# What to do:
All lines below containing "imports" are to be listed.

Stored data entries

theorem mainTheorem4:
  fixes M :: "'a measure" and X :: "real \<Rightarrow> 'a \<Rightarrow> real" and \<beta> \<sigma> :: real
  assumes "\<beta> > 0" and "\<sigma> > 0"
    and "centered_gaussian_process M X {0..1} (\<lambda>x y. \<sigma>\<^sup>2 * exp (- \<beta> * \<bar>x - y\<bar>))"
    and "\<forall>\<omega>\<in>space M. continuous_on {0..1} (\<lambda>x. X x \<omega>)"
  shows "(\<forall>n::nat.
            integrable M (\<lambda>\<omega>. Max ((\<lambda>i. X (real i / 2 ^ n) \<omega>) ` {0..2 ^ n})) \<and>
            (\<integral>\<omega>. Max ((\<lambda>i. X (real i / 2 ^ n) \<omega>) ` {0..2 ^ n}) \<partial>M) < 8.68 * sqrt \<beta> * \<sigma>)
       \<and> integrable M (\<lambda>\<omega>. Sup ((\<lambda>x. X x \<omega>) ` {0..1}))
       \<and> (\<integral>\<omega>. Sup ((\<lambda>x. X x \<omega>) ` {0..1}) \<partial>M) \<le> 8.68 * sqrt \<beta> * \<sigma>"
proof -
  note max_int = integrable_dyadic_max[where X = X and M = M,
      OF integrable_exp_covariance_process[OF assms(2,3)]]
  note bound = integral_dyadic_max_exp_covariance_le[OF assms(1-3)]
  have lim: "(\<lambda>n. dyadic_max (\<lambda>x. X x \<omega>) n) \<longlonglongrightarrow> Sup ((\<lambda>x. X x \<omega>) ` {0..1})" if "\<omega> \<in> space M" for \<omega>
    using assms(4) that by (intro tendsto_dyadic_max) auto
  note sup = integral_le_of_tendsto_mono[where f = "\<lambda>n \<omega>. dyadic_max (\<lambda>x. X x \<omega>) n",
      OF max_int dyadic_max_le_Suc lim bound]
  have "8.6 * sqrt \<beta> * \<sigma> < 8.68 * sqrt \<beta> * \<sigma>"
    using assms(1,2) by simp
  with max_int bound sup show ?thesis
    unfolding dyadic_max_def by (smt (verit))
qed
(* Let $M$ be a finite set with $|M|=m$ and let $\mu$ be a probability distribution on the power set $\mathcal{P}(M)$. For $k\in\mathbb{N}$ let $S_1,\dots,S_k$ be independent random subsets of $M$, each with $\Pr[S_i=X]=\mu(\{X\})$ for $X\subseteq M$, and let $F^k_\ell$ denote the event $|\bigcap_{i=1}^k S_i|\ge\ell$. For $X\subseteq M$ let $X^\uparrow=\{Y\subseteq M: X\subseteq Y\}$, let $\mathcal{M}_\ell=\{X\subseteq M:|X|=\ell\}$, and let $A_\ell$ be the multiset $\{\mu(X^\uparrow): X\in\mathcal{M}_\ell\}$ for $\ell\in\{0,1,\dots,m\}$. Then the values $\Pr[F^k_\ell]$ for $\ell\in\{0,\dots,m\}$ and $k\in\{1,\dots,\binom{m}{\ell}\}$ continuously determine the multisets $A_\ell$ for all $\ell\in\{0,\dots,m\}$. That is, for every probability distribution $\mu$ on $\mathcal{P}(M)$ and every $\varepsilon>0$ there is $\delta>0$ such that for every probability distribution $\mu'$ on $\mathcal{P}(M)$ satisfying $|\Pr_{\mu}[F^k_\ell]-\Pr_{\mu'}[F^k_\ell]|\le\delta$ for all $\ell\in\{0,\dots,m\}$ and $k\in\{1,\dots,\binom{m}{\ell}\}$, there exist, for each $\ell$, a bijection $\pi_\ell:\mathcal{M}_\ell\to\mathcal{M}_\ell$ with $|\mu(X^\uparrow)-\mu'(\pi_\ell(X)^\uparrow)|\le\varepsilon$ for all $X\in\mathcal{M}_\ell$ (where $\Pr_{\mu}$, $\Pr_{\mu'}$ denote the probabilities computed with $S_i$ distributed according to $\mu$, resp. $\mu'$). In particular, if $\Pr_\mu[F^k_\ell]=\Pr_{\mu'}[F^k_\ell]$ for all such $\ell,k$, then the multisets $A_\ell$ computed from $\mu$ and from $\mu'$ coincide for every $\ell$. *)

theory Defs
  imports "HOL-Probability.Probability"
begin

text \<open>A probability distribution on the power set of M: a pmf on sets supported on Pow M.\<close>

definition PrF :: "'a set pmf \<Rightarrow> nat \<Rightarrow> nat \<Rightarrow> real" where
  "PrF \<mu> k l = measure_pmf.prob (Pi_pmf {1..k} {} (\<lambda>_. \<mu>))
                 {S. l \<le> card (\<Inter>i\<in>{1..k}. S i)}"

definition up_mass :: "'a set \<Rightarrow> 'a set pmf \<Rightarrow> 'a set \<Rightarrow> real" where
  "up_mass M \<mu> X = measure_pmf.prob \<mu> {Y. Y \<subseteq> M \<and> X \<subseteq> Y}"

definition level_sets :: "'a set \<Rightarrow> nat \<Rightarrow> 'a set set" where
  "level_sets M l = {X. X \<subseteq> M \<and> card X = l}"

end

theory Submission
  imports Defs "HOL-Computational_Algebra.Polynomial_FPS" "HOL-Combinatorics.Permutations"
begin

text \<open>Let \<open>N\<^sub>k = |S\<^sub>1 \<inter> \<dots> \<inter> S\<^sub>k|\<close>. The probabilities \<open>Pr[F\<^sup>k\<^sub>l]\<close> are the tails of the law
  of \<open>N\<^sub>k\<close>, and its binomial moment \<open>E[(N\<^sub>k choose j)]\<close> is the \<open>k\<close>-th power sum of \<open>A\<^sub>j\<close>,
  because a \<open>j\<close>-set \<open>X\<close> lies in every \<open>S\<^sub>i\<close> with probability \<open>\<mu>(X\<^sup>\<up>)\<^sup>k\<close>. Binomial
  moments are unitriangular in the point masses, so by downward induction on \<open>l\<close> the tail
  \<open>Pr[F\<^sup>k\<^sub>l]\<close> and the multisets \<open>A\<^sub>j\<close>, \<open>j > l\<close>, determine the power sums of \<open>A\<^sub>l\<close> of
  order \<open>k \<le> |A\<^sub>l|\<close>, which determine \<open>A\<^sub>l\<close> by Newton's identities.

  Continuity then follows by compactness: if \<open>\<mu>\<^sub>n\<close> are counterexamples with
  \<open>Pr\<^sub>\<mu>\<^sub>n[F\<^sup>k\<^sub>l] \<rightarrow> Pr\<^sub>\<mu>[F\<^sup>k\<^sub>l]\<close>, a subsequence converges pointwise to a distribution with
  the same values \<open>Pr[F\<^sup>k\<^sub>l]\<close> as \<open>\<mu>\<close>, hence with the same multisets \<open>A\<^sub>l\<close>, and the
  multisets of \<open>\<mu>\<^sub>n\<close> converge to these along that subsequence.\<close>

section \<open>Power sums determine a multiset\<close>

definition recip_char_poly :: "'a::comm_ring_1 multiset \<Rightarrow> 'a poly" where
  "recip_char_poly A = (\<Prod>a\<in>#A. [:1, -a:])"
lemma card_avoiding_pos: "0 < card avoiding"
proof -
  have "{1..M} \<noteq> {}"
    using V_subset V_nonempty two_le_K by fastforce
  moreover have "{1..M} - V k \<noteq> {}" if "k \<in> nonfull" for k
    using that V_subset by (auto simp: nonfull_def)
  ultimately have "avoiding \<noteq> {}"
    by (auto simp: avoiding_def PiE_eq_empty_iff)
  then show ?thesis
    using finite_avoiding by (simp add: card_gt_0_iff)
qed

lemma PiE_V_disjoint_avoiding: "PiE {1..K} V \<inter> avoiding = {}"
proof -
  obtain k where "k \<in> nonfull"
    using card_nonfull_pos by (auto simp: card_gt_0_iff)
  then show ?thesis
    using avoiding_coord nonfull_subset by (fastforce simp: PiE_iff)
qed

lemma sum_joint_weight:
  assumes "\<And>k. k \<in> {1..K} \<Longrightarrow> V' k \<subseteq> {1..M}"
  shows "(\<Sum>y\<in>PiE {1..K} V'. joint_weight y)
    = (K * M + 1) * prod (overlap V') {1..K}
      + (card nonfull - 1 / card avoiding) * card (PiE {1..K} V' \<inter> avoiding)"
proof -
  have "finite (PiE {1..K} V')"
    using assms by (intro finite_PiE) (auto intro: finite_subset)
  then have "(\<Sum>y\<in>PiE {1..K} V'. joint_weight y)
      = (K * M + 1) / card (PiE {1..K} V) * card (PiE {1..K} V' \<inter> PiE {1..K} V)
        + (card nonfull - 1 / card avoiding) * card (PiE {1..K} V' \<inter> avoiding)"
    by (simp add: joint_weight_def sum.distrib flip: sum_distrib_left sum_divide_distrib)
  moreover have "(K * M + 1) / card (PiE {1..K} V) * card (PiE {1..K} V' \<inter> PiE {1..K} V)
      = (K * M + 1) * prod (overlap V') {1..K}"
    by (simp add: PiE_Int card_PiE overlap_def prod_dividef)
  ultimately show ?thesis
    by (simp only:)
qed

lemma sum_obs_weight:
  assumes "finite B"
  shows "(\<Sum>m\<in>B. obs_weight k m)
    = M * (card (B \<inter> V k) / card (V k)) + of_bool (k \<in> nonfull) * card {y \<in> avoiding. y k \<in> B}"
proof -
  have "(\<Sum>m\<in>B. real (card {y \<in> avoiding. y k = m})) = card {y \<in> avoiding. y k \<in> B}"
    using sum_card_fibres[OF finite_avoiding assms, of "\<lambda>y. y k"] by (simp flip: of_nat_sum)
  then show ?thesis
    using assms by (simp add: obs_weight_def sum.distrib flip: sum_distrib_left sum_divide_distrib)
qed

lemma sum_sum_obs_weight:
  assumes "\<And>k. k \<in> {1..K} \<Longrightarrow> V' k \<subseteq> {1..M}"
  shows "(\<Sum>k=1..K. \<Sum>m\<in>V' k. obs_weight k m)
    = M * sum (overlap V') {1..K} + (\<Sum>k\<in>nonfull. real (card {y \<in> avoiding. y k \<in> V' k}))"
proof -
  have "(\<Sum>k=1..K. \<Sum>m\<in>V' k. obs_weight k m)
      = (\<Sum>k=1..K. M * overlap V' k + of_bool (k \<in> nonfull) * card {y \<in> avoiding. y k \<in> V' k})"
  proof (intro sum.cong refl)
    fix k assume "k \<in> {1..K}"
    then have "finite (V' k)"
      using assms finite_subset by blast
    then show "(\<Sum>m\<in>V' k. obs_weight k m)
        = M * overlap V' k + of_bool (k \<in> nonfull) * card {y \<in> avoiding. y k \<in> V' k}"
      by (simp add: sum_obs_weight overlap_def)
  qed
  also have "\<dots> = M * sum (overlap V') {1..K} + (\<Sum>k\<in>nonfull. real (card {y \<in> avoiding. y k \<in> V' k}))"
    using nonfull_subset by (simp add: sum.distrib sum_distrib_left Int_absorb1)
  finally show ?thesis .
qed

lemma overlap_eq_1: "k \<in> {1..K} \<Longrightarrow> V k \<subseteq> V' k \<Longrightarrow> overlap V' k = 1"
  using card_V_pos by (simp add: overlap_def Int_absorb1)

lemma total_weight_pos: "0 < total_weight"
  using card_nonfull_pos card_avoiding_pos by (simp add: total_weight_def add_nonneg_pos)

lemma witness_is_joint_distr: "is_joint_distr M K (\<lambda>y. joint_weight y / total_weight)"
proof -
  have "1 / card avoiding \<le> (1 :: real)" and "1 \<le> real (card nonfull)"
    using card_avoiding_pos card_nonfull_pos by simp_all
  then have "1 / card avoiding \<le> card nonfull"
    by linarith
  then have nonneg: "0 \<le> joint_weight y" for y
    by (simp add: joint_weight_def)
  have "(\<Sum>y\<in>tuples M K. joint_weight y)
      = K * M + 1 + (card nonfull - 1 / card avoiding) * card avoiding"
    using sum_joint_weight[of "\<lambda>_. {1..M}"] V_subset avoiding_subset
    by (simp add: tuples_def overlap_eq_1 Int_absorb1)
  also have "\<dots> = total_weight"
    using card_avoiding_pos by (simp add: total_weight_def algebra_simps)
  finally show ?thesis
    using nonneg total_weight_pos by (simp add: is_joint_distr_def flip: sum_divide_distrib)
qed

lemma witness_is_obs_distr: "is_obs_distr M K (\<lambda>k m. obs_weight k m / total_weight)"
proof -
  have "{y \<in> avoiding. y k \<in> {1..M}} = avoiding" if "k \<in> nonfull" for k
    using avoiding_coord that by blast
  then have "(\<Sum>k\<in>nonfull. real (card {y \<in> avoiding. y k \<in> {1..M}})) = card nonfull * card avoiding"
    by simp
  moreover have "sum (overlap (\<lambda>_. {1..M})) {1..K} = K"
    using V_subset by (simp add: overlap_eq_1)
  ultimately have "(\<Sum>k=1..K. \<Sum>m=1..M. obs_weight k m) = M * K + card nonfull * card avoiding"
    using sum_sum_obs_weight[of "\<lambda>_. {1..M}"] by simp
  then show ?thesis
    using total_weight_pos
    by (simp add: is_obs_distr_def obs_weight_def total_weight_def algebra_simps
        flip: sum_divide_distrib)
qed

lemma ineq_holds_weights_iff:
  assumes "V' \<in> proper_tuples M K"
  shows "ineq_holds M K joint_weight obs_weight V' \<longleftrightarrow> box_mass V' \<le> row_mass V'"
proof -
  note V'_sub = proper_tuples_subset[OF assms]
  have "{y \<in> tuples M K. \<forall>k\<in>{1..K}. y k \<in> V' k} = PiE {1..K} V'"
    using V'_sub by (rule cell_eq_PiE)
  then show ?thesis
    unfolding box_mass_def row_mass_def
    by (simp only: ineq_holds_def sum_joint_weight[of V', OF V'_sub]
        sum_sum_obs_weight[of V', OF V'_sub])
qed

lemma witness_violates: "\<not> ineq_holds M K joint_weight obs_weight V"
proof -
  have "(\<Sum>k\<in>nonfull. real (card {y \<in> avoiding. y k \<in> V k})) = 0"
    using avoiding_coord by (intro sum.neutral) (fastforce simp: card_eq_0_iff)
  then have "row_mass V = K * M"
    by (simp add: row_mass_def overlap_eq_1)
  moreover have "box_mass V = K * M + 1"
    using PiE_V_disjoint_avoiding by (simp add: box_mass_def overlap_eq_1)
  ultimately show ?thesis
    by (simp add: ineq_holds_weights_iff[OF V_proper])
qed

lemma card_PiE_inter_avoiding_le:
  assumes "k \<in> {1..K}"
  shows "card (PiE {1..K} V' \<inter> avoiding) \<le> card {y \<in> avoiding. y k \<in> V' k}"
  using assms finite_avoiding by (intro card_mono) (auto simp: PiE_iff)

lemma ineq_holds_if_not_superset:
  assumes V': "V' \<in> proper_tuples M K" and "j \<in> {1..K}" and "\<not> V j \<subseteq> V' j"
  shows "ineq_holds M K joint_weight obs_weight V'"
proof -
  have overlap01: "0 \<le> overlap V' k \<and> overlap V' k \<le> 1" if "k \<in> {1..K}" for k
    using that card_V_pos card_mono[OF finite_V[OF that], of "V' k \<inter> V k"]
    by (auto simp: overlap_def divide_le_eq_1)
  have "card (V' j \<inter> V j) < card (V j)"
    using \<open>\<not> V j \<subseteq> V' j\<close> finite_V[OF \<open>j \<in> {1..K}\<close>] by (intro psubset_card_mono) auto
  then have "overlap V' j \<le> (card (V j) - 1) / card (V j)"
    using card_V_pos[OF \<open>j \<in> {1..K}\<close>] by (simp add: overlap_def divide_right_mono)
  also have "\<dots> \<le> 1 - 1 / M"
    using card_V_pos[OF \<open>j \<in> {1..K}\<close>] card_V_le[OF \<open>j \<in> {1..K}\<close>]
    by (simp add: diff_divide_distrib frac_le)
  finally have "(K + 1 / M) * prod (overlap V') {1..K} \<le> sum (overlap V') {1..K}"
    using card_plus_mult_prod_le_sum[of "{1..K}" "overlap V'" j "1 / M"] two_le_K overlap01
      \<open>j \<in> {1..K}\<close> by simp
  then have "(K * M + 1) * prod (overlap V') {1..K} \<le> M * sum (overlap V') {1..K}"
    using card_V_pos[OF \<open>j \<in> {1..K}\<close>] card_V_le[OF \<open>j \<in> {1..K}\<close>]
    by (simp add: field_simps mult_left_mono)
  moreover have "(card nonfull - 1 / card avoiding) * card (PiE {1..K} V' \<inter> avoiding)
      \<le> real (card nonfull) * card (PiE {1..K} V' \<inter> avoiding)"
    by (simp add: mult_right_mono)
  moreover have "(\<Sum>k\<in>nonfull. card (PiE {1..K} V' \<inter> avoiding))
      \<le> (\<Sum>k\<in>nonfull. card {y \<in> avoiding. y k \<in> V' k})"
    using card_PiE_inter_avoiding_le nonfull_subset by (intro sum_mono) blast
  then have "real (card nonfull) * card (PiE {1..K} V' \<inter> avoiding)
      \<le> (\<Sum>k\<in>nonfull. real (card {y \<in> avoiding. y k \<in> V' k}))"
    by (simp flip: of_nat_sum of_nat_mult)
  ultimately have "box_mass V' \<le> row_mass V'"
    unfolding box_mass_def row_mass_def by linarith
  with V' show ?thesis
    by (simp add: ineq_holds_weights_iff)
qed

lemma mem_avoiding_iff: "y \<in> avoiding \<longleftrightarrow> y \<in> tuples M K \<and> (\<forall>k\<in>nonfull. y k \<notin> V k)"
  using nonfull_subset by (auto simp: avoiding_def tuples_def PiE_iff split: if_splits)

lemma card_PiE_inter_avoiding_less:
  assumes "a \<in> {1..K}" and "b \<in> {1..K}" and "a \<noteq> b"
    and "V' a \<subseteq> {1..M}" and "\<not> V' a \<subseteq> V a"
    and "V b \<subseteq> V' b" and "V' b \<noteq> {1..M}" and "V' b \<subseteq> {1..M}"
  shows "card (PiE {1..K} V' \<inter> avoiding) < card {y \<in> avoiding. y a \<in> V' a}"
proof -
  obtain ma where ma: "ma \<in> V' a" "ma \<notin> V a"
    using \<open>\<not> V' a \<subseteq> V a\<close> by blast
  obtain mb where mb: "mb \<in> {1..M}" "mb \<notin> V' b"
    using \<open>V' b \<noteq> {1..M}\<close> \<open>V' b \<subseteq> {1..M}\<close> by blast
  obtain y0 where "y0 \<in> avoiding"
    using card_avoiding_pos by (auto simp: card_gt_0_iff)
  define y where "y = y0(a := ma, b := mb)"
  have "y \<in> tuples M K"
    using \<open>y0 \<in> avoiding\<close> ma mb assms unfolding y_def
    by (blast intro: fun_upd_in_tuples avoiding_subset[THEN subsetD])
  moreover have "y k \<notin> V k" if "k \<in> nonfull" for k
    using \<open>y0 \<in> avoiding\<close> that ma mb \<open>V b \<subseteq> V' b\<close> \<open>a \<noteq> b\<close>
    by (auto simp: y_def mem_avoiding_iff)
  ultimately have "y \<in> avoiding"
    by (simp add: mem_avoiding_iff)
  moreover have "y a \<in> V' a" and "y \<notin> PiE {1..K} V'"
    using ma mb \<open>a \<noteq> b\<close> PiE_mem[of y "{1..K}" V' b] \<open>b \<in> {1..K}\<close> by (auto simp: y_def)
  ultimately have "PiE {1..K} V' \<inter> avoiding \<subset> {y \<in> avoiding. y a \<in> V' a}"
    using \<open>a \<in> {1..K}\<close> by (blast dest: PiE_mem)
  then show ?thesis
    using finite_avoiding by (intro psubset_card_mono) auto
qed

# Problem solution:
  imports "HOL-Probability.Probability"
  imports Defs "HOL-Computational_Algebra.Polynomial_FPS" "HOL-Combinatorics.Permutations"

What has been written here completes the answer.